Figure 1.7 Nucleic acid hybridization relies on the specificity of base-pairing which allows a labelled nucleic acid probe to pick out a complementary target sequence from a complex mixture of sequences in the test sample. The label used to identify the probe may be a radioisotope or a nonisotopic label such as an enzyme or chemiluminescent system. Hybridization may be performed with both the probe and test sequences in the liquid phase (top of figure) or with the test sequences bound to a solid phase, usually a nitrocellulose or nylon membrane (below). Both methods may be used to quantify the amount of the test sequence present, but solid-phase hybridization is also used to locate the position of sequences immobilized on the membrane. Plaque and colony hybridization are used to locate recombinant molecules directly from a mixture of bacterial colonies or bacteriophage plaques on an agar plate. Northern and Southern blotting are used to detect RNA and DNA, respectively, after transfer of these molecules from gels following separation by electrophoresis (cf., western blotting, Figure 1.2).
Figure 1.8 Polymerase chain reaction (PCR) relies on the specificity of basepairing between short synthetic olignucleotide probes and complementary sequences in a complex mixture of nucleic acids to prime DNA synthesis using a thermostable DNA polymerase. Multiple cycles of primer annealing, extension, and thermal denaturation are carried out in an automated process, resulting in a massive amplification (2n-fold increase after n cycles of amplification) of the target sequence located between the two primers.

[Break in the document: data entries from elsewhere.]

(* Let $X\sim \mathcal{UNB}(r,p)$, i.e. $X$ has probability mass function $p(x)=\frac{q^{x} p^r}{1+x} \binom{r+x-1}{x} {}_2F_1(1, r+x; 2+x; q)$ for $x=0,1,2,\dots$. Then the cumulative distribution function of $X$ is \[ F_X(x)= F_Y(x)+ \frac{r+x}{x+2}\binom{r+x-1}{x} p^r q^{x+1}\, {}_2F_1\left(1,r+x+1;x+3;q\right), \] where $F_Y$ is the cumulative distribution function of $Y\sim \mathcal{NB}(r,p)$.
   Context: Parameters $r>0$, $0<p<1$, $q=1-p$. The Uniform-negative binomial distribution $\mathcal{UNB}(r,p)$ is defined by the stochastic representation $X\mid N\sim$ discrete uniform on $\{0,1,\dots,N\}$ and $N\sim \mathcal{NB}(r,p)$, the negative binomial distribution with probability mass function $P(N=n)=\binom{r+n-1}{n}p^r q^n$, $n=0,1,2,\dots$. The Gauss hypergeometric function is ${}_2F_1(a,b;c;z)=\sum_{n=0}^\infty \frac{(a)_n(b)_n}{(c)_n}\frac{z^n}{n!}$ for $|z|<1$, with $(a)_n$ the Pochhammer symbol (rising factorial). *)

theory Defs
  imports Complex_Main
begin

definition hyp2F1 :: "real \<Rightarrow> real \<Rightarrow> real \<Rightarrow> real \<Rightarrow> real" where
  "hyp2F1 a b c z =
     (\<Sum>n. pochhammer a n * pochhammer b n / pochhammer c n * z ^ n / fact n)"

definition nb_pmf :: "real \<Rightarrow> real \<Rightarrow> nat \<Rightarrow> real" where
  "nb_pmf r p n = ((r + real n - 1) gchoose n) * p powr r * (1 - p) ^ n"

definition nb_cdf :: "real \<Rightarrow> real \<Rightarrow> nat \<Rightarrow> real" where
  "nb_cdf r p x = (\<Sum>k\<le>x. nb_pmf r p k)"

definition unb_pmf :: "real \<Rightarrow> real \<Rightarrow> nat \<Rightarrow> real" where
  "unb_pmf r p x = (1 - p) ^ x * p powr r / (1 + real x) * ((r + real x - 1) gchoose x)
                   * hyp2F1 1 (r + real x) (2 + real x) (1 - p)"

definition unb_cdf :: "real \<Rightarrow> real \<Rightarrow> nat \<Rightarrow> real" where
  "unb_cdf r p x = (\<Sum>k\<le>x. unb_pmf r p k)"

end

theory Submission
  imports Defs "HOL-Real_Asymp.Real_Asymp"
begin

text \<open>
  Since \<open>(1)\<^sub>n = n!\<close>, the series \<open>\<^sub>2F\<^sub>1(1, b; c; z)\<close> is \<open>\<Sum> (b)\<^sub>n / (c)\<^sub>n z\<^sup>n\<close>, and splitting off
  its first term gives the contiguous relation
  \<open>\<^sub>2F\<^sub>1(1, b; c; z) = 1 + b z / c \<cdot> \<^sub>2F\<^sub>1(1, b + 1; c + 1; z)\<close>.
  Applied to the pmf of \<open>UNB(r, p)\<close>, which is \<open>NB(r, p)(x) / (x + 1) \<cdot> \<^sub>2F\<^sub>1(1, r + x; x + 2; q)\<close>,
  it yields \<open>P(X = x) = P(N = x) / (x + 1) + P(X = x + 1)\<close>. Summing this telescopes to
  \<open>F\<^sub>X(x) = F\<^sub>N(x) + (x + 1) P(X = x + 1)\<close>, and one more use of the absorption identity
  for binomial coefficients puts the last term into the stated form.
\<close>

lemma hyp2F1_1_eq_suminf:
  "hyp2F1 1 b c z = (\<Sum>n. pochhammer b n / pochhammer c n * z ^ n)"
  unfolding hyp2F1_def by (simp add: pochhammer_fact[symmetric])

lemma pochhammer_ratio_term_Suc:
  fixes b c z :: real
  shows "pochhammer b (Suc n) / pochhammer c (Suc n) * z ^ Suc n
           = (b + real n) / (c + real n) * z * (pochhammer b n / pochhammer c n * z ^ n)"
  by (simp add: pochhammer_rec' mult_ac)

lemma summable_pochhammer_ratio_series:
  fixes b c z :: real
  assumes "c > 0" and "\<bar>z\<bar> < 1"
  shows "summable (\<lambda>n. pochhammer b n / pochhammer c n * z ^ n)"
proof -
  define t where "t n = pochhammer b n / pochhammer c n * z ^ n" for n
  have lim: "(\<lambda>n. \<bar>b + real n\<bar> / (c + real n) * \<bar>z\<bar>) \<longlonglongrightarrow> 1 * \<bar>z\<bar>"
    by (intro tendsto_mult tendsto_const) real_asymp
  have "1 * \<bar>z\<bar> < (1 + \<bar>z\<bar>) / 2"
    using assms by simp
  from order_tendstoD(2)[OF lim this]
  obtain N where N: "\<And>n. n \<ge> N \<Longrightarrow> \<bar>b + real n\<bar> / (c + real n) * \<bar>z\<bar> < (1 + \<bar>z\<bar>) / 2"
    unfolding eventually_sequentially by blast
  have "summable t"
  proof (rule summable_ratio_test[of "(1 + \<bar>z\<bar>) / 2" N])
    fix n
    assume "N \<le> n"
    have step: "t (Suc n) = (b + real n) / (c + real n) * z * t n"
      unfolding t_def by (rule pochhammer_ratio_term_Suc)
    have "norm (t (Suc n)) = \<bar>b + real n\<bar> / (c + real n) * \<bar>z\<bar> * norm (t n)"
      using \<open>c > 0\<close> unfolding step real_norm_def abs_mult abs_divide by simp
    also have "\<dots> \<le> (1 + \<bar>z\<bar>) / 2 * norm (t n)"
      using N[OF \<open>N \<le> n\<close>] by (intro mult_right_mono) auto
    finally show "norm (t (Suc n)) \<le> (1 + \<bar>z\<bar>) / 2 * norm (t n)" .
  qed (use assms in simp)
  then show ?thesis
    unfolding t_def .
qed

lemma hyp2F1_1_contiguous:
  fixes b c z :: real
  assumes "c > 0" and "\<bar>z\<bar> < 1"
  shows "hyp2F1 1 b c z = 1 + b / c * z * hyp2F1 1 (b + 1) (c + 1) z"
proof -
  define t where "t b c n = pochhammer b n / pochhammer c n * z ^ n" for b c n
  have "(\<Sum>n. t b c n) = t b c 0 + (\<Sum>n. t b c (Suc n))"
    using suminf_split_head[OF summable_pochhammer_ratio_series[OF assms]]
    by (simp add: t_def)
  also have "(\<Sum>n. t b c (Suc n)) = (\<Sum>n. b / c * z * t (b + 1) (c + 1) n)"
    by (simp add: t_def pochhammer_rec mult_ac)
  also have "\<dots> = b / c * z * (\<Sum>n. t (b + 1) (c + 1) n)"
    unfolding t_def using assms
    by (intro suminf_mult summable_pochhammer_ratio_series) auto
  finally show ?thesis
    by (simp add: hyp2F1_1_eq_suminf t_def)
qed

lemma nb_pmf_Suc:
  "nb_pmf r p (Suc m) = (r + real m) / (real m + 1) * (1 - p) * nb_pmf r p m"
proof -
  have "(r + real (Suc m) - 1) gchoose Suc m = (r + real m) / (real m + 1) * ((r + real m - 1) gchoose m)"
    using gbinomial_absorption[of m "r + real m"] by (simp add: field_simps add_ac)
  then show ?thesis
    by (simp add: nb_pmf_def)
qed

lemma unb_pmf_eq_nb_pmf:
  "unb_pmf r p m = nb_pmf r p m / (real m + 1) * hyp2F1 1 (r + real m) (real m + 2) (1 - p)"
  by (simp add: unb_pmf_def nb_pmf_def add_ac)

lemma unb_pmf_recurrence:
  assumes "\<bar>1 - p\<bar> < 1"
  shows "unb_pmf r p m = nb_pmf r p m / (real m + 1) + unb_pmf r p (Suc m)"
proof -
  define H where "H = hyp2F1 1 (r + real m + 1) (real m + 3) (1 - p)"
  have "hyp2F1 1 (r + real m) (real m + 2) (1 - p) = 1 + (r + real m) / (real m + 2) * (1 - p) * H"
    using hyp2F1_1_contiguous[of "real m + 2" "1 - p" "r + real m"] assms
    by (simp add: H_def add_ac)
  then have "unb_pmf r p m
      = nb_pmf r p m / (real m + 1) + nb_pmf r p m / (real m + 1) * ((r + real m) / (real m + 2) * (1 - p) * H)"
    by (simp add: unb_pmf_eq_nb_pmf distrib_left)
  also have "nb_pmf r p m / (real m + 1) * ((r + real m) / (real m + 2) * (1 - p) * H) = unb_pmf r p (Suc m)"
    by (simp add: unb_pmf_eq_nb_pmf nb_pmf_Suc H_def add_ac mult_ac)
  finally show ?thesis .
qed

lemma unb_cdf_eq_nb_cdf_plus:
  assumes "\<bar>1 - p\<bar> < 1"
  shows "unb_cdf r p x = nb_cdf r p x + (real x + 1) * unb_pmf r p (Suc x)"
proof (induction x)
  case 0
  show ?case
    using unb_pmf_recurrence[OF assms, of r 0] by (simp add: unb_cdf_def nb_cdf_def)
next
  case (Suc x)
  have "unb_cdf r p (Suc x) = nb_cdf r p x + (real x + 2) * unb_pmf r p (Suc x)"
    using Suc by (simp add: unb_cdf_def algebra_simps)
  also have "\<dots> = nb_cdf r p x + nb_pmf r p (Suc x) + (real x + 2) * unb_pmf r p (Suc (Suc x))"
    using unb_pmf_recurrence[OF assms, of r "Suc x"] by (simp add: field_simps)
  finally show ?case
    by (simp add: nb_cdf_def add_ac)
qed

theorem theorem3:
  fixes r p :: real and x :: nat
  assumes "r > 0" and "0 < p" and "p < 1"
  shows "unb_cdf r p x =
           nb_cdf r p x
           + (r + real x) / (real x + 2) * ((r + real x - 1) gchoose x) * p powr r * (1 - p) ^ (x + 1)
             * hyp2F1 1 (r + real x + 1) (real x + 3) (1 - p)"
proof -
  have "\<bar>1 - p\<bar> < 1"
    using assms by simp
  then have "unb_cdf r p x = nb_cdf r p x + (real x + 1) * unb_pmf r p (Suc x)"
    by (rule unb_cdf_eq_nb_cdf_plus)
  also have "(real x + 1) * unb_pmf r p (Suc x)
      = (r + real x) / (real x + 2) * (1 - p) * nb_pmf r p x * hyp2F1 1 (r + real x + 1) (real x + 3) (1 - p)"
    by (simp add: unb_pmf_eq_nb_pmf nb_pmf_Suc add_ac)
  finally show ?thesis
    by (simp add: nb_pmf_def mult_ac)
qed

end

While the genome is the nucleic acid comprising the entire genetic information of an organism, by extension ‘genomics’ is the study of the composition and function of the genetic material of an organism. Virus genomics began with the first complete sequence of a virus genome (bacteriophage fX174 in 1977). Vast international databases of nucleotide and protein sequence information have now been compiled, and these can be rapidly accessed by computers to compare newly determined sequences with those whose function may have been studied in great detail. At the time of publication, the complete genome sequences of almost 1500 different viruses had been published, with more appearing almost weekly (Table 1.1).
Figure 1.9 An example of the use of a computer to store and process digitized information from a nucleic acid sequence. This figure shows an analysis of all of the open reading frames (ORFs) present in an HIV-1 provirus.The ORFs present in the three main retrovirus genes, gag, pol, and env, can be seen. This complex analysis took only a few seconds to perform using an ordinary personal computer. Manually, the same task may have taken several days.

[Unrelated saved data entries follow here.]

text \<open>At the points \<open>x \<in> \<alpha> 0 + \<Lambda>\<close> excluded by the inductive step, both sides are continuous.\<close>
lemma wronskian_Phi_eq_det_closed_form:
  "(\<And>j. j < n \<Longrightarrow> \<alpha> j \<notin> \<Lambda>) \<Longrightarrow> x \<notin> \<Lambda> \<Longrightarrow> wronskian n (\<lambda>j y. \<Phi> y (\<alpha> j)) x = det_closed_form n \<alpha> x"
proof (induction n arbitrary: \<alpha> x)
  case 0
  thus ?case by (simp add: wronskian_def det_closed_form_def sigma_nonzero)
next
  case (Suc n)
  have step: "wronskian (Suc n) (\<lambda>j y. \<Phi> y (\<alpha> j)) y = det_closed_form (Suc n) \<alpha> y"
    if "y \<notin> \<Lambda>" "y - \<alpha> 0 \<notin> \<Lambda>" for y
    using Suc.IH[of "\<lambda>j. \<alpha> (Suc j)" "y - \<alpha> 0"] Suc.prems(1) that
    by (simp add: wronskian_Phi_Suc det_closed_form_Suc)
  show ?case
  proof (cases "x - \<alpha> 0 \<in> \<Lambda>")
    case False
    thus ?thesis using Suc.prems(2) by (rule step[rotated])
  next
    case True
    have "det_closed_form (Suc n) \<alpha> \<midarrow>x\<rightarrow> det_closed_form (Suc n) \<alpha> x"
      using det_closed_form_isCont[of "Suc n" \<alpha> x, OF Suc.prems] by (simp add: isCont_def)
    moreover have "eventually (\<lambda>y. det_closed_form (Suc n) \<alpha> y = wronskian (Suc n) (\<lambda>j y. \<Phi> y (\<alpha> j)) y) (at x)"
      using eventually_conj[OF eventually_not_in_lattice eventually_shift_not_in_lattice[of "\<alpha> 0"]]
      by eventually_elim (simp add: step)
    ultimately have "wronskian (Suc n) (\<lambda>j y. \<Phi> y (\<alpha> j)) \<midarrow>x\<rightarrow> det_closed_form (Suc n) \<alpha> x"
      by (rule Lim_transform_eventually)
    moreover have "wronskian (Suc n) (\<lambda>j y. \<Phi> y (\<alpha> j)) \<midarrow>x\<rightarrow> wronskian (Suc n) (\<lambda>j y. \<Phi> y (\<alpha> j)) x"
      using wronskian_isCont[of "Suc n" \<alpha> x, OF Suc.prems] by (simp add: isCont_def)
    ultimately show ?thesis by (rule LIM_unique[symmetric])
  qed
qed

end

theorem theorem9:
  fixes w1 w2 x :: complex and \<alpha> :: "nat \<Rightarrow> complex" and n :: nat
  assumes "Im (w2 / w1) > 0"
    and "n \<ge> 1"
    and "x \<notin> lattice w1 w2"
    and "\<And>j. j < n \<Longrightarrow> \<alpha> j \<notin> lattice w1 w2"
  shows "wsigma w1 w2 (x - (\<Sum>j<n. \<alpha> j)) * (\<Prod>j<n. \<Prod>i<j. wsigma w1 w2 (\<alpha> i - \<alpha> j))
           / (wsigma w1 w2 x * (\<Prod>i<n. wsigma w1 w2 (\<alpha> i) ^ n))
           * exp (x * (\<Sum>j<n. wzeta w1 w2 (\<alpha> j)))
         = Determinant.det (Matrix.mat n n (\<lambda>(i, j). ((deriv ^^ i) (\<lambda>y. Phi w1 w2 y (\<alpha> j))) x))"
proof -
  interpret period_lattice w1 w2 by unfold_locales (rule assms(1))
  have "wronskian n (\<lambda>j y. \<Phi> y (\<alpha> j)) x = det_closed_form n \<alpha> x"
    using assms(3,4) by (rule wronskian_Phi_eq_det_closed_form[rotated])
  thus ?thesis by (simp add: wronskian_def det_closed_form_def)
qed

end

Figure 1.10 Three-dimensional structure of the DNA binding domain of SV40 T-antigen reconstructed from NMR data using a computer
Thus we have, in a sense, come full circle in our investigations of viruses— from particles via genomes back to proteins again—and have emerged with a far more profound understanding of these organisms; however, the current pace of research in virology tells us that there is still far more that we need to know.